→ What to produce: Comb through the entries for "obtains" and pull out each line that holds it.

=== Begin Enclosure ===

lemma td_block_subset:
  assumes "MOLS n Ls" "i < n" "j < n"
  shows "td_block n Ls i j \<subseteq> insert i {n..<(length Ls + 2) * n}"
proof
  fix p assume "p \<in> td_block n Ls i j"
  then obtain c where c: "c < length Ls + 2" "p = c * n + cell_coords Ls i j ! c"
    by (auto simp: td_block_def)
  show "p \<in> insert i {n..<(length Ls + 2) * n}"
  proof (cases c)
    case 0
    then show ?thesis
      using c by (simp add: cell_coords_def)
  next
    case (Suc c')
    have "p < c * n + n"
      using c cell_coords_less[OF assms c(1)] by simp
    also have "\<dots> \<le> (length Ls + 2) * n"
      using c(1) by (metis add.commute mult_Suc Suc_leI mult_le_mono1)
    finally show ?thesis
      using c Suc by simp
  qed
qed

lemma card_td_block:
  assumes "MOLS n Ls" "i < n" "j < n"
  shows "card (td_block n Ls i j) = length Ls + 2"
proof -
  have "inj_on (\<lambda>c. c * n + cell_coords Ls i j ! c) {..<length Ls + 2}"
    using mult_add_eq_mult_addD cell_coords_less[OF assms] by (intro inj_onI) (metis lessThan_iff)
  then show ?thesis
    by (simp add: td_block_def card_image)
qed

lemma td_block_inj:
  assumes "MOLS n Ls" "i < n" "j < n" "i' < n" "j' < n"
    and "td_block n Ls i j = td_block n Ls i' j'"
  shows "i = i' \<and> j = j'"
proof -
  have "i \<noteq> n + j"
    using assms(2) by simp
  moreover have "i \<in> td_block n Ls i' j'" "n + j \<in> td_block n Ls i' j'"
    using td_block_row_col_points[where i=i and j=j and n=n and Ls=Ls] assms(6) by simp_all
  ultimately show ?thesis
    using td_blocks_share_two_points[OF assms(1-5)] td_block_row_col_points by blast
qed

lemma td_blocks_disjoint:
  assumes "MOLS n Ls" "i < n" "j < n" "i' < n" "j' < n"
    and "\<And>c. c < length Ls + 2 \<Longrightarrow> cell_coords Ls i j ! c \<noteq> cell_coords Ls i' j' ! c"
  shows "td_block n Ls i j \<inter> td_block n Ls i' j' = {}"
  using td_block_common_point[OF assms(1-5)] assms(6) by blast

definition td_blocks :: "nat \<Rightarrow> (nat \<Rightarrow> nat \<Rightarrow> nat) list \<Rightarrow> nat set \<Rightarrow> nat set set" where
  "td_blocks n Ls R = (\<lambda>(i, j). td_block n Ls i j) ` (R \<times> {..<n})"

lemma td_blocksE:
  assumes "b \<in> td_blocks n Ls R"
  obtains i j where "i \<in> R" "j < n" "b = td_block n Ls i j"
  using assms by (auto simp: td_blocks_def)

lemma packing_td_blocks:
  assumes "MOLS n Ls" "R \<subseteq> {..<n}"
  shows "packing (card R + (length Ls + 1) * n) (length Ls + 2)
           (R \<union> {n..<(length Ls + 2) * n}) (td_blocks n Ls R)"
proof (rule packingI)
  have "finite R"
    using assms(2) finite_subset by blast
  moreover have "R \<inter> {n..<(length Ls + 2) * n} = {}"
    using assms(2) by auto
  ultimately show "finite (R \<union> {n..<(length Ls + 2) * n})"
    and "card (R \<union> {n..<(length Ls + 2) * n}) = card R + (length Ls + 1) * n"
    by (simp_all add: card_Un_disjoint)
  show "b \<subseteq> R \<union> {n..<(length Ls + 2) * n} \<and> card b = length Ls + 2"
    if b: "b \<in> td_blocks n Ls R" for b
  proof -
    obtain i j where ij: "i \<in> R" "j < n" "b = td_block n Ls i j"
      using b by (rule td_blocksE)
    then have "i < n"
      using assms(2) by auto
    then show ?thesis
      using ij td_block_subset[OF assms(1)] card_td_block[OF assms(1)] by blast
  qed
  show "b = c"
    if bc: "b \<in> td_blocks n Ls R" "c \<in> td_blocks n Ls R"
      and xy: "x \<noteq> y" "x \<in> b" "y \<in> b" "x \<in> c" "y \<in> c" for b c x y
  proof -
    obtain i j i' j' where "i \<in> R" "j < n" "b = td_block n Ls i j"
      and "i' \<in> R" "j' < n" "c = td_block n Ls i' j'"
      using td_blocksE bc by metis
    then show ?thesis
      using xy assms(2) td_blocks_share_two_points[OF assms(1)] by blast
  qed
qed

lemma inj_on_td_block:
  assumes "MOLS n Ls" "S \<subseteq> {..<n} \<times> {..<n}"
  shows "inj_on (\<lambda>(i, j). td_block n Ls i j) S"
proof (rule inj_onI)
  fix p q assume "p \<in> S" "q \<in> S"
    and "(\<lambda>(i, j). td_block n Ls i j) p = (\<lambda>(i, j). td_block n Ls i j) q"
  moreover obtain i j i' j' where "p = (i, j)" "q = (i', j')"
    by fastforce
  ultimately show "p = q"
    using assms(2) td_block_inj[OF assms(1), of i j i' j'] by auto
qed

lemma card_td_blocks:
  assumes "MOLS n Ls" "R \<subseteq> {..<n}"
  shows "card (td_blocks n Ls R) = card R * n"
proof -
  have "inj_on (\<lambda>(i, j). td_block n Ls i j) (R \<times> {..<n})"
    using assms by (auto intro: inj_on_td_block)
  then show ?thesis
    by (simp add: td_blocks_def card_image card_cartesian_product)
qed

lemma td_blocks_inter:
  assumes "MOLS n Ls" "R \<subseteq> {..<n}" "b \<in> td_blocks n Ls R"
  obtains i where "b \<inter> R = {i}"
proof -
  obtain i j where ij: "i \<in> R" "j < n" "b = td_block n Ls i j"
    using assms(3) by (rule td_blocksE)
  then have "b \<inter> {..<n} = {i}"
    using assms(1,2) td_block_inter_lessThan by blast
  then have "b \<inter> R = {i}"
    using ij(1) assms(2) by blast
  then show thesis
    by (rule that)
qed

=== End Enclosure ===

→ Exercise output:
  obtains i j where "i \<in> R" "j < n" "b = td_block n Ls i j"
  obtains i where "b \<inter> R = {i}"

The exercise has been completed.